You will see a folder called "content" which contains both .png images from a sample e-commerce site within the "image_files" folder.

In [86]:
# Function to convert an image to a data url
def image_to_base64_data_url(image_path):
    with open(image_path, "rb") as f:
        enc_img = base64.b64encode(f.read()).decode('utf-8')
        enc_img = f"data:image/png;base64,{enc_img}"

    payload = {
        "model": "embed-english-v3.0",
        "input_type": 'image',
        "embedding_types": ["float"],
        "images": [enc_img]
    }

    response = sagemaker_runtime.invoke_endpoint(
        EndpointName=endpoint_name,
        ContentType='application/json',
        Body=json.dumps(payload)
    )
    result = json.loads(response['Body'].read().decode("utf-8"))
    return result

In [87]:
folder_path = 'content/image_files'
files = [f for f in os.listdir(folder_path) if '.ipynb_checkpoints' not in f]
#files = os.listdir(folder_path)
embedding_objects = []
embeddings = []
file_paths = []

for file in files:
    file_path = os.path.join(folder_path, file)
    res = image_to_base64_data_url(file_path)
    file_paths.append(file_path)
    embeddings.append(res['embeddings']['float'][0])  # Assuming the response structure matches Cohere's
    embedding_objects.append(res)

Next, for purposes of this notebook we will be using hnsw which is a graph-based algorithm that performs approximate nearest neighbor searches (ANN) in vector databases.

In [88]:
# Create the hnsw index for images
size = (200, 200)
image_index = hnswlib.Index(space='cosine', dim=1024)
image_index.init_index(max_elements=len(embeddings), ef_construction=512, M=64)
image_index.add_items(embeddings,list(range(len(embeddings))))
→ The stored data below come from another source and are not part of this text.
text \<open>A preimage normalised by its largest coordinate either has a large last coordinate, and
  then the unit coordinate \<open>t f\<^sub>0\<close> forces \<open>|t f\<^sub>N| \<ge> e\<^sup>-\<^sup>d\<^sup>B\<close>, or it lies near \<open>x\<^sub>N = 0\<close>, where \<open>f\<close>
  preserves normalisation.\<close>
lemma lambda_set_push_le:
  assumes cone: "cone Z" and bound: "\<forall>s\<in>lambda_set N av Z. s \<le> R"
  shows "\<forall>s\<in>lambda_set N av (push_set N d a 1 Z). s \<le> max (R ^ d) (exp B ^ d)"
proof
  fix s
  assume "s \<in> lambda_set N av (push_set N d a 1 Z)"
  then obtain x t where x: "x \<in> Z" and "t \<noteq> 0"
    and unit: "\<forall>i<N. av (t * polymap N d a x i) = 1"
    and s: "s = inverse (av (t * polymap N d a x N))"
    unfolding lambda_set_def push_set_def by auto
  have "\<exists>j\<le>N. x j \<noteq> 0"
  proof (rule ccontr)
    assume "\<not> (\<exists>j\<le>N. x j \<noteq> 0)"
    then have "polymap N d a x 0 = 0"
      using N_pos d_pos by (intro polymap_less_eq_0) auto
    then show False
      using unit N_pos by auto
  qed
  then obtain u k where "u \<noteq> 0" and x': "(\<lambda>j. u * x j) \<in> Z" and k: "k \<le> N" "av (u * x k) = 1"
    and le_1: "\<forall>j\<le>N. av (u * x j) \<le> 1"
    using cone_normalize[OF cone x] by blast
  define t' where "t' = t * inverse u ^ d"
  have rescale: "t' * polymap N d a (\<lambda>j. u * x j) i = t * polymap N d a x i" for i
    using \<open>u \<noteq> 0\<close> unfolding t'_def polymap_homogeneous
    by (simp add: power_mult_distrib[symmetric])
  have "inverse (av (t' * polymap N d a (\<lambda>j. u * x j) N)) \<le> max (R ^ d) (exp B ^ d)"
  proof (cases "1 \<le> exp B * av (u * x N)")
    case True
    have "av (t' * polymap N d a (\<lambda>j. u * x j) 0) = 1"
      unfolding rescale using unit N_pos by simp
    then have "inverse (av (t' * polymap N d a (\<lambda>j. u * x j) N)) \<le> exp B ^ d"
      by (rule inverse_av_polymap_last_le_of_large[OF le_1 True])
    then show ?thesis
      by simp
  next
    case False
    have "\<forall>i<N. av (t' * polymap N d a (\<lambda>j. u * x j) i) = 1"
      unfolding rescale using unit by simp
    then have "inverse (av (t' * polymap N d a (\<lambda>j. u * x j) N)) \<le> R ^ d"
      using False by (intro inverse_av_polymap_last_le_of_small[OF x' le_1 k _ _ bound]) simp_all
    then show ?thesis
      by simp
  qed
  then show "s \<le> max (R ^ d) (exp B ^ d)"
    using s rescale by simp
qed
Now let's assume for an ecommerce application, a user asked "Avocado Dog Toy" when searching for items.

In [89]:
# Set these paramters and query your database
query = ["Avocado Dog Toy"]
top_k=5

#convert natural language query into embeddings
query_emb = sagemaker_embed(query)

In [90]:
# Comparing cosine similarity score between the query embedded above and the images that we previously embedded into vectors
res = image_index.knn_query(query_emb, k=top_k)

In [91]:
image_index=res[0][0]
image_scores=res[1][0]

In [None]:
# For the full list of images grabbed we will iterate through the results
for x in range(0,len(image_index)):
    print(f"Ranking of Relevance:{x+1} with a distance of: {image_scores[0]:.2f}")
    img = Image.open(file_paths[image_index[x]])
    img_resized = img.resize(size)
    display(img_resized)

### Step 4: Clean Up

If the endpoint was created by the execution of this notebook, then make sure to delete the endpoint after completion to avoid charges. Skip the below step if you are connecting to an rerank existing endpoint

In [37]:
# Delete the endpoint
#Skip this step if created through the AWS console

sagemaker.delete_endpoint(EndpointName='Endpoint-Cohere-Embed-Model-v3-English-1')
sagemaker.close()

**Note, if you need to create the same endpoint again, run the create_endpoint() function in the cell previously generated only. No need to run create_model() and create_endpoint_config()

## Conclusion

In this notebook we walked through how to leverage Cohere's Embed V3 multimodal model, capable of generating embeddings from both text and images. This enables enterprises to unlock value from their vast image data, allowing them to build powerful search and recommendation systems across multimodal assets like product catalogs, design files, and business reports. 

Cohere Embed 3 is now available on Amazon SageMaker, allowing customers to seamlessly deploy this state-of-the-art multimodal embeddings model and leverage it in their own applications. Key use cases include enhanced e-commerce search, efficient data-driven decision making with visual insights, and streamlined creative workflows. Cohere's multimodal embeddings can further improve semantic search when combined with Cohere's Rerank models, providing more contextual relevance to generative AI systems.